When you think of all of the documents that you have on your PC, your
Mac or your phone you know that there are a lot of documents laying
around that you either need to keep meticulously organized or be able to
search for quickly in order to find the documents you need quickly and
easily. I know that my OneDrive and iCloud drives are littered with
photos, PDFs and Microsoft Office documents containing all sorts of
materials and if I don’t remember the hierarchy that I stored them in,
I’ll never find anything.
What if there was an easier way to store my documents in the cloud
for backup purposes and get the same great searching capabilities as
when I have those documents stored locally? That’s where dtSearch and
Azure functions can together provide a neat experience for managing your
documents and their contents in the cloud.
Why Azure Functions and Storage
Azure Storage is a great facility that keeps multiple backups of your
documents and data across regions. You may choose to store your data
safely in the US East coast data center, but it’s also in two other data
centers in locations like Northern Europe and Brazil.
Azure Functions allow us to write a little bit of code that can be
managed and run when appropriate to interact with those storage
locations and perform services for us. This keeps us, as application
authors and maintainers, out of the business of managing systems and
run-times of our applications. We simply expect our functions to run
when they are triggered to run. Nothing more, nothing less.
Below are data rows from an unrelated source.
lemma symmetric_mat_conjugate:
  fixes H A :: "'a :: comm_semiring_0 mat"
  assumes H: "H \<in> carrier_mat n n" "transpose_mat H = H" and A: "A \<in> carrier_mat n n" "transpose_mat A = A"
  shows "transpose_mat (H * A * H) = H * A * H"
proof -
  have "transpose_mat (H * A * H) = transpose_mat H * transpose_mat (H * A)"
    using H A by (intro transpose_mult[of _ n n]) auto
  also have "transpose_mat (H * A) = A * H"
    using H A by (simp add: transpose_mult[of _ n n])
  finally show ?thesis
    using assoc_mult_mat[OF H(1) A(1) H(1)] H(2) by simp
qed

lemma symmetric_mat_eigenvector_block:
  fixes A :: "'a :: comm_ring_1 mat"
  assumes A: "A \<in> carrier_mat (Suc m) (Suc m)" and sym: "transpose_mat A = A"
    and e: "A *\<^sub>v unit_vec (Suc m) 0 = e \<cdot>\<^sub>v unit_vec (Suc m) 0"
  shows "A = four_block_mat (mat 1 1 (\<lambda>_. e)) (0\<^sub>m 1 m) (0\<^sub>m m 1)
    (mat m m (\<lambda>(i, j). A $$ (Suc i, Suc j)))"
proof -
  have col0: "A $$ (i, 0) = (if i = 0 then e else 0)" if i: "i < Suc m" for i
  proof -
    have "A $$ (i, 0) = (A *\<^sub>v unit_vec (Suc m) 0) $ i"
      using A i by simp
    then show ?thesis
      unfolding e using i by simp
  qed
  have row0: "A $$ (0, j) = (if j = 0 then e else 0)" if j: "j < Suc m" for j
  proof -
    have "A $$ (0, j) = transpose_mat A $$ (j, 0)"
      using A j by simp
    then show ?thesis
      using col0[OF j] sym by simp
  qed
  show ?thesis
  proof (rule eq_matI)
    fix i j
    assume "i < dim_row (four_block_mat (mat 1 1 (\<lambda>_. e)) (0\<^sub>m 1 m) (0\<^sub>m m 1)
        (mat m m (\<lambda>(i, j). A $$ (Suc i, Suc j))))"
      and "j < dim_col (four_block_mat (mat 1 1 (\<lambda>_. e)) (0\<^sub>m 1 m) (0\<^sub>m m 1)
        (mat m m (\<lambda>(i, j). A $$ (Suc i, Suc j))))"
    then have "i < Suc m" "j < Suc m"
      by auto
    then show "A $$ (i, j) = four_block_mat (mat 1 1 (\<lambda>_. e)) (0\<^sub>m 1 m) (0\<^sub>m m 1)
        (mat m m (\<lambda>(i, j). A $$ (Suc i, Suc j))) $$ (i, j)"
      using col0 row0 by (cases i; cases j) auto
  qed (use A in auto)
qed

lemma symmetric_mat_lower_right_block:
  assumes A: "A \<in> carrier_mat (Suc m) (Suc m)" and sym: "transpose_mat A = A"
  shows "transpose_mat (mat m m (\<lambda>(i, j). A $$ (Suc i, Suc j))) = mat m m (\<lambda>(i, j). A $$ (Suc i, Suc j))"
proof -
  have "A $$ (Suc j, Suc i) = A $$ (Suc i, Suc j)" if "i < m" "j < m" for i j
  proof -
    have "transpose_mat A $$ (Suc i, Suc j) = A $$ (Suc j, Suc i)"
      using A that by (intro index_transpose_mat(1)) auto
    then show ?thesis
      using sym by simp
  qed
  then show ?thesis
    by (intro eq_matI) auto
qed

lemma symmetric_real_mat_deflation:
  fixes A :: "real mat"
  assumes A: "A \<in> carrier_mat (Suc m) (Suc m)" and sym: "transpose_mat A = A"
  obtains H e A' where "H \<in> carrier_mat (Suc m) (Suc m)" "transpose_mat H = H"
    "H * H = 1\<^sub>m (Suc m)" "A' \<in> carrier_mat m m" "transpose_mat A' = A'"
    "H * A * H = four_block_mat (mat 1 1 (\<lambda>_. e)) (0\<^sub>m 1 m) (0\<^sub>m m 1) A'"
proof -
  obtain e where "eigenvalue A e"
    using symmetric_real_mat_has_eigenvalue[OF A sym] by auto
  then obtain v where v: "v \<in> carrier_vec (Suc m)" "v \<bullet> v = 1" "A *\<^sub>v v = e \<cdot>\<^sub>v v"
    using real_eigenvalue_unit_eigenvector[OF A] by blast
  obtain H where H: "H \<in> carrier_mat (Suc m) (Suc m)" "transpose_mat H = H"
    "H * H = 1\<^sub>m (Suc m)" "H *\<^sub>v unit_vec (Suc m) 0 = v"
    using reflection_to_unit_vec[OF v(1,2)] by blast
  let ?B = "H * A * H"
  have B: "?B \<in> carrier_mat (Suc m) (Suc m)" and symB: "transpose_mat ?B = ?B"
    using H A symmetric_mat_conjugate[OF H(1,2) A sym] by simp_all
  have Hv: "H *\<^sub>v v = unit_vec (Suc m) 0"
    using H v by (metis assoc_mult_mat_vec one_mult_mat_vec unit_vec_carrier)
  have "?B *\<^sub>v unit_vec (Suc m) 0 = (H * A) *\<^sub>v (H *\<^sub>v unit_vec (Suc m) 0)"
    using H A by (intro assoc_mult_mat_vec) auto
  also have "\<dots> = H *\<^sub>v (A *\<^sub>v v)"
    using H A v by simp
  also have "\<dots> = e \<cdot>\<^sub>v unit_vec (Suc m) 0"
    using H v by (simp add: mult_mat_vec Hv)
  finally have block: "?B = four_block_mat (mat 1 1 (\<lambda>_. e)) (0\<^sub>m 1 m) (0\<^sub>m m 1)
      (mat m m (\<lambda>(i, j). ?B $$ (Suc i, Suc j)))"
    by (rule symmetric_mat_eigenvector_block[OF B symB])
  show ?thesis
    by (rule that[OF H(1-3) _ symmetric_mat_lower_right_block[OF B symB] block]) simp
qed

lemma mult_mat_assoc_sandwich:
  fixes H V D W :: "'a :: semiring_0 mat"
  assumes H: "H \<in> carrier_mat n n" and V: "V \<in> carrier_mat n n" and D: "D \<in> carrier_mat n n"
    and W: "W \<in> carrier_mat n n"
  shows "H * (V * D * W) * H = H * V * D * (W * H)"
proof -
  have VD: "V * D \<in> carrier_mat n n"
    using V D by simp
  have "H * V * D * (W * H) = H * (V * D) * (W * H)"
    by (simp only: assoc_mult_mat[OF H V D])
  also have "\<dots> = H * (V * D * (W * H))"
    by (rule assoc_mult_mat[OF H VD mult_carrier_mat[OF W H]])
  also have "V * D * (W * H) = V * D * W * H"
    by (rule assoc_mult_mat[OF VD W H, symmetric])
  also have "H * (V * D * W * H) = H * (V * D * W) * H"
    by (rule assoc_mult_mat[OF H _ H, symmetric]) (use VD W in simp)
  finally show ?thesis ..
qed

lemma involutive_conjugation_cancel:
  fixes H A :: "'a :: semiring_1 mat"
  assumes H: "H \<in> carrier_mat n n" and A: "A \<in> carrier_mat n n" and HH: "H * H = 1\<^sub>m n"
  shows "H * (H * A * H) * H = A"
proof -
  have HA: "H * A \<in> carrier_mat n n"
    using H A by simp
  have "H * (H * A * H) = H * (H * A) * H"
    by (rule assoc_mult_mat[OF H HA H, symmetric])
  also have "H * (H * A) = (H * H) * A"
    by (rule assoc_mult_mat[OF H H A, symmetric])
  finally have "H * (H * A * H) * H = A * H * H"
    using HH A by simp
  also have "\<dots> = A * (H * H)"
    by (rule assoc_mult_mat[OF A H H])
  finally show ?thesis
    using HH A by simp
qed

lemma reflection_conjugate_orthogonal_diagonalization:
  fixes H A V D :: "real mat"
  assumes H: "H \<in> carrier_mat n n" "transpose_mat H = H" "H * H = 1\<^sub>m n"
    and A: "A \<in> carrier_mat n n" and V: "V \<in> carrier_mat n n" "transpose_mat V * V = 1\<^sub>m n"
    and D: "D \<in> carrier_mat n n" and HAH: "H * A * H = V * D * transpose_mat V"
  shows "transpose_mat (H * V) * (H * V) = 1\<^sub>m n"
    and "A = (H * V) * D * transpose_mat (H * V)"
proof -
  have UT: "transpose_mat (H * V) = transpose_mat V * H"
    using H V by (simp add: transpose_mult[of _ n n])
  have "transpose_mat (H * V) * (H * V) = transpose_mat V * (H * (H * V))"
    unfolding UT using H V by (intro assoc_mult_mat) auto
  also have "H * (H * V) = V"
    using assoc_mult_mat[OF H(1) H(1) V(1)] H(3) V by simp
  finally show "transpose_mat (H * V) * (H * V) = 1\<^sub>m n"
    using V(2) by simp
  have "A = H * (H * A * H) * H"
    using involutive_conjugation_cancel[OF H(1) A H(3)] by simp
  also have "\<dots> = H * V * D * (transpose_mat V * H)"
    unfolding HAH using mult_mat_assoc_sandwich[OF H(1) V(1) D, of "transpose_mat V"] V by simp
  finally show "A = (H * V) * D * transpose_mat (H * V)"
    unfolding UT .
qed

lemma block_diag_orthogonal_conjugate:
  fixes U' D' :: "real mat"
  assumes U': "U' \<in> carrier_mat m m" "transpose_mat U' * U' = 1\<^sub>m m" and D': "D' \<in> carrier_mat m m"
    and V_def: "V = four_block_mat (1\<^sub>m 1) (0\<^sub>m 1 m) (0\<^sub>m m 1) U'"
  shows "V \<in> carrier_mat (Suc m) (Suc m)" and "transpose_mat V * V = 1\<^sub>m (Suc m)"
    and "V * four_block_mat (mat 1 1 (\<lambda>_. e)) (0\<^sub>m 1 m) (0\<^sub>m m 1) D' * transpose_mat V
      = four_block_mat (mat 1 1 (\<lambda>_. e)) (0\<^sub>m 1 m) (0\<^sub>m m 1) (U' * D' * transpose_mat U')"
proof -
  have VT: "transpose_mat V = four_block_mat (1\<^sub>m 1) (0\<^sub>m 1 m) (0\<^sub>m m 1) (transpose_mat U')"
    unfolding V_def using U' by (simp add: four_block_diag_transpose)
  show "V \<in> carrier_mat (Suc m) (Suc m)"
  proof -
    have "four_block_mat (1\<^sub>m 1) (0\<^sub>m 1 m) (0\<^sub>m m 1) U' \<in> carrier_mat (1 + m) (1 + m)"
      using U'(1) by (intro four_block_carrier_mat) simp_all
    then show ?thesis
      unfolding V_def by simp
  qed
  show "transpose_mat V * V = 1\<^sub>m (Suc m)"
    unfolding VT unfolding V_def using U' four_block_one_mat[of 1 m] by (simp add: four_block_diag_mult)
  show "V * four_block_mat (mat 1 1 (\<lambda>_. e)) (0\<^sub>m 1 m) (0\<^sub>m m 1) D' * transpose_mat V
      = four_block_mat (mat 1 1 (\<lambda>_. e)) (0\<^sub>m 1 m) (0\<^sub>m m 1) (U' * D' * transpose_mat U')"
    unfolding VT unfolding V_def using U' D' by (simp add: four_block_diag_mult)
qed

theorem real_symmetric_mat_orthogonal_diagonalization:
  fixes A :: "real mat"
  assumes "A \<in> carrier_mat m m" and "transpose_mat A = A"
  shows "\<exists>U D. U \<in> carrier_mat m m \<and> transpose_mat U * U = 1\<^sub>m m \<and>
    D \<in> carrier_mat m m \<and> diagonal_mat D \<and> A = U * D * transpose_mat U"
  using assms
proof (induction m arbitrary: A)
  case 0
  then show ?case
    by (intro exI[of _ "1\<^sub>m 0"]) (auto simp: diagonal_mat_def intro!: eq_matI)
next
  case (Suc m)
  obtain H e A' where H: "H \<in> carrier_mat (Suc m) (Suc m)" "transpose_mat H = H"
    "H * H = 1\<^sub>m (Suc m)" and A': "A' \<in> carrier_mat m m" "transpose_mat A' = A'"
    and HAH: "H * A * H = four_block_mat (mat 1 1 (\<lambda>_. e)) (0\<^sub>m 1 m) (0\<^sub>m m 1) A'"
    using symmetric_real_mat_deflation[OF Suc.prems] by metis
  obtain U' D' where U': "U' \<in> carrier_mat m m" "transpose_mat U' * U' = 1\<^sub>m m"
    and D': "D' \<in> carrier_mat m m" "diagonal_mat D'" "A' = U' * D' * transpose_mat U'"
    using Suc.IH[OF A'] by blast
  define V where "V = four_block_mat (1\<^sub>m 1) (0\<^sub>m 1 m) (0\<^sub>m m 1) U'"
  define D where "D = four_block_mat (mat 1 1 (\<lambda>_. e)) (0\<^sub>m 1 m) (0\<^sub>m m 1) D'"
  note V = block_diag_orthogonal_conjugate[OF U' D'(1) V_def]
  have D: "D \<in> carrier_mat (Suc m) (Suc m)" "diagonal_mat D"
    unfolding D_def using D'(1,2) by (auto simp: diagonal_mat_def)
  have "H * A * H = V * D * transpose_mat V"
    unfolding HAH D_def V(3) D'(3) ..
  note UD = reflection_conjugate_orthogonal_diagonalization[OF H Suc.prems(1) V(1,2) D(1) this]
  have "H * V \<in> carrier_mat (Suc m) (Suc m)"
    using H(1) V(1) by simp
  then show ?case
    using UD D by blast
qed

section \<open>Rayleigh quotient bounds for the second smallest eigenvalue\<close>

lemma proots_linear_factors: "proots (\<Prod>a\<leftarrow>xs. [:- a, 1:]) = mset (xs :: real list)"
proof (induction xs)
  case (Cons a xs)
  have "(\<Prod>a\<leftarrow>xs. [:- a, 1:]) \<noteq> (0 :: real poly)"
    by (auto simp: prod_list_zero_iff)
  then have "proots ([:- a, 1:] * (\<Prod>a\<leftarrow>xs. [:- a, 1:])) = {#a#} + mset xs"
    using Cons proots_linear_factor[of "- a"] by (subst proots_mult) auto
  then show ?case
    by simp
qed simp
In the case of dtSearch and our data, this is a perfect match. We can
structure our storage location so that it properly houses the archive
of documents we want to process with our search engine, and we can also
trigger the regeneration of that search index appropriately when a new
document is added to the collection. The Azure Function architecture
also allows us to make querying that managed search index a trivial
operation with an HTTP endpoint, accessible from anywhere in the world.
Getting Started with Azure Functions
Azure Functions are a simple, low profile, consumption-based way to
interact with our data. Their ‘serverless’ architecture means that we
can focus on just writing an effective function to process requests and
data. For this search appliance, I started by creating an Azure
Functions application v2.0 in Visual Studio 2019. These projects are
written using .NET Core and can also reference .NET Standard libraries. I
chose to start with a Blob trigger configuration when walking through
the initial configuration screens in Visual Studio.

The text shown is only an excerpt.